Trotzdem hörte sie, wie Julia schuldbewußt zu dem Professor sagte: »Wir haben den Brief immer noch nicht gefunden!«
Christine hörte seine Antwort nicht, aber der Gedanke an das verschwundene, kostbare Dokument verstärkte ihre bedrückte Stimmung noch zusätzlich. Florentine sah sich nach ihrer Mutter um und lief schnell zu ihr. Christine lächelte ihrer kleinen Tochter zu und faßte sie an der Hand. Sie nahm sich ganz fest vor, dem Mann, zu dem sie sich auf so unerklärliche Weise, mit fast schmerzhafter Sehnsucht hingezogen fühlte, bei der erstbesten Gelegenheit zu erzählen, daß sie gebunden sei.
Nach einer knappen Viertelstunde kamen sie aus dem Tannendunkel in eine helle Buchenwaldung. Alles war licht und grün, und die Sonne malte durch die Zweige hindurch Muster auf den Waldboden. Auf dem Picknickplatz, der von mächtigen Buchen überschattet wurde, waren keine anderen Ausflügler zu sehen. Onkel Heinrich baute den mitgebrachten Gaskocher auf, um Kaffee zu kochen, aber das Gerät funktionierte nicht. »Es geht doch auch ohne«, sagte Frau Falkenroth. »Ich habe Tee in einer Thermoskanne dabei.«
Aber der alte Mann bestand auf dem Kaffee, an den er gewöhnt war. »Wir kriegen schon ein Feuerchen zustande, die Kinder müssen bloß ein paar dürre Zweige im Wald sammeln«, meinte er. Julia und Markus, die sich sofort auf die Schaukeln auf dem Spielplatz gestürzt hatten, schwangen sich sofort herab. Sie waren von der Aussicht begeistert, zu dem Festmahl etwas beitragen zu können.

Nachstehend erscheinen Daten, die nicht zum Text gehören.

theorem corollary3p8:
  fixes M :: "'a measure" and T :: "real \<Rightarrow> real" and u :: "nat \<Rightarrow> real \<Rightarrow> real"
    and \<X> :: "('a \<Rightarrow> real) set" and n :: nat and w :: real and Xs :: "nat \<Rightarrow> 'a \<Rightarrow> real"
  assumes "prob_space M" and "nonatomic M"
    and "\<X> \<subseteq> Linf M" and "\<And>c. (\<lambda>_. c) \<in> \<X>"
    and "n \<ge> 2"
    and "twice_differentiable_on {0..1} T" and "strict_mono_on {0..1} T"
    and "T 0 = 0" and "T 1 = 1"
    and "\<And>i. i < n \<Longrightarrow> twice_differentiable_on UNIV (u i)"
    and "\<And>i. i < n \<Longrightarrow> strictly_concave_on UNIV (u i)"
    and "\<And>i. i < n \<Longrightarrow> mono (u i)"
    and "convex_on {0..1} T"
    and "Xs \<in> allocations M \<X> n w"
  shows "pareto_optimal M T u \<X> n w Xs \<longleftrightarrow> full_insurance M n Xs"
proof -
  have "T x \<le> x" if "x \<in> {0..1}" for x
    using convex_onD[OF assms(13), of x 0 1] that assms(8,9) by simp
  moreover have "u i differentiable (at x)" if "i < n" for i x
    using assms(10)[OF that] by (auto simp: twice_differentiable_on_def real_differentiable_def)
  ultimately interpret pessimistic_rdu_economy M T u \<X> n
    using assms strict_mono_on_imp_mono_on
    by (intro pessimistic_rdu_economy.intro pessimistic_rdu_economy_axioms.intro) auto
  show ?thesis
    using pareto_optimal_imp_full_insurance full_insurance_imp_pareto_optimal assms(14) by blast
qed

end
lemma Liminf_le_cmult_Liminf:
  fixes f g :: "'a \<Rightarrow> ereal"
  assumes "F \<noteq> bot" and "R \<ge> 0"
    and "\<And>\<epsilon>. \<epsilon> > 0 \<Longrightarrow> eventually (\<lambda>x. f x \<le> ereal R * g x + ereal \<epsilon>) F"
  shows "Liminf F f \<le> ereal R * Liminf F g"
proof (rule ereal_le_epsilon2)
  fix \<epsilon> :: real assume "\<epsilon> > 0"
  then have "Liminf F f \<le> Liminf F (\<lambda>x. ereal R * g x + ereal \<epsilon>)"
    by (intro Liminf_mono assms(3))
  also have "\<dots> = ereal R * Liminf F g + ereal \<epsilon>"
    using assms(1,2) by (simp add: Liminf_add_ereal_right Liminf_ereal_mult_left)
  finally show "Liminf F f \<le> ereal R * Liminf F g + ereal \<epsilon>" .
qed

lemma ereal_divide_neg_le_cmult:
  fixes x y :: ereal
  assumes "l < 0" and "R > 0" and "ereal R * y \<le> x + ereal c"
  shows "x / ereal l \<le> ereal R * (y / ereal l) + ereal (- c / l)"
  using assms by (cases x; cases y) (auto simp: field_simps)

lemma eventually_hdot_small:
  fixes w :: "'a \<Rightarrow> complex^'n::finite" and v :: "'i::finite \<Rightarrow> complex^'n"
  assumes "(w \<longlongrightarrow> 0) F"
  shows "eventually (\<lambda>x. \<forall>i. cmod (hdot (w x) (v i)) \<le> 1) F"
proof (rule eventually_all_finite)
  fix i
  have "((\<lambda>x. \<Sum>j\<in>UNIV. w x $ j * cnj (v i $ j)) \<longlongrightarrow> (\<Sum>j\<in>UNIV. 0 $ j * cnj (v i $ j))) F"
    by (intro tendsto_intros assms)
  then have "((\<lambda>x. hdot (w x) (v i)) \<longlongrightarrow> 0) F"
    by (simp add: hdot_def)
  then have "eventually (\<lambda>x. dist (hdot (w x) (v i)) 0 < 1) F"
    using zero_less_one by (rule tendstoD)
  then show "eventually (\<lambda>x. cmod (hdot (w x) (v i)) \<le> 1) F"
    by eventually_elim simp
qed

»Und wie wäre es, wenn ihr auch gleich ein paar Walderdbeeren sammeln würdet?« schlug Frau Falkenroth vor. »Sie müßten gerade reif sein. Geht nur alle los, wir alten Leute bereiten den Rest vor.«
»Eine gute Idee!« rief Christoph aus und war mit zwei Schritten an Christines Seite. Zusammen mit den Kindern gingen sie einen schmalen Waldpfad entlang. Aber schon bald liefen die Kinder voraus, um als erste eine Stelle mit Walderdbeeren zu finden. Christoph sah die schöne Frau an, die mit niedergeschlagenen Augen an seiner Seite ging. Ihre langen Wimpern warfen feine Schatten auf ihre Wangen. Er konnte den Blick kaum von dem feingezeichneten Profil und den schönen dunkelblonden Locken lösen.
»Du bist so schweigsam heute, Christine«, sagte er schließlich. »Fehlt dir etwas?« Sie zuckte die Achseln und schüttelte mit halbem Lächeln den Kopf. Er wollte sie nicht weiter ausfragen, holte tief Atem und fühlte, wie die frische Waldesluft seinen Brustkorb weitete. Über ihnen sprang ein Eichhörnchen von Ast zu Ast, und von ferne hörte man das Klopfen eines Spechts.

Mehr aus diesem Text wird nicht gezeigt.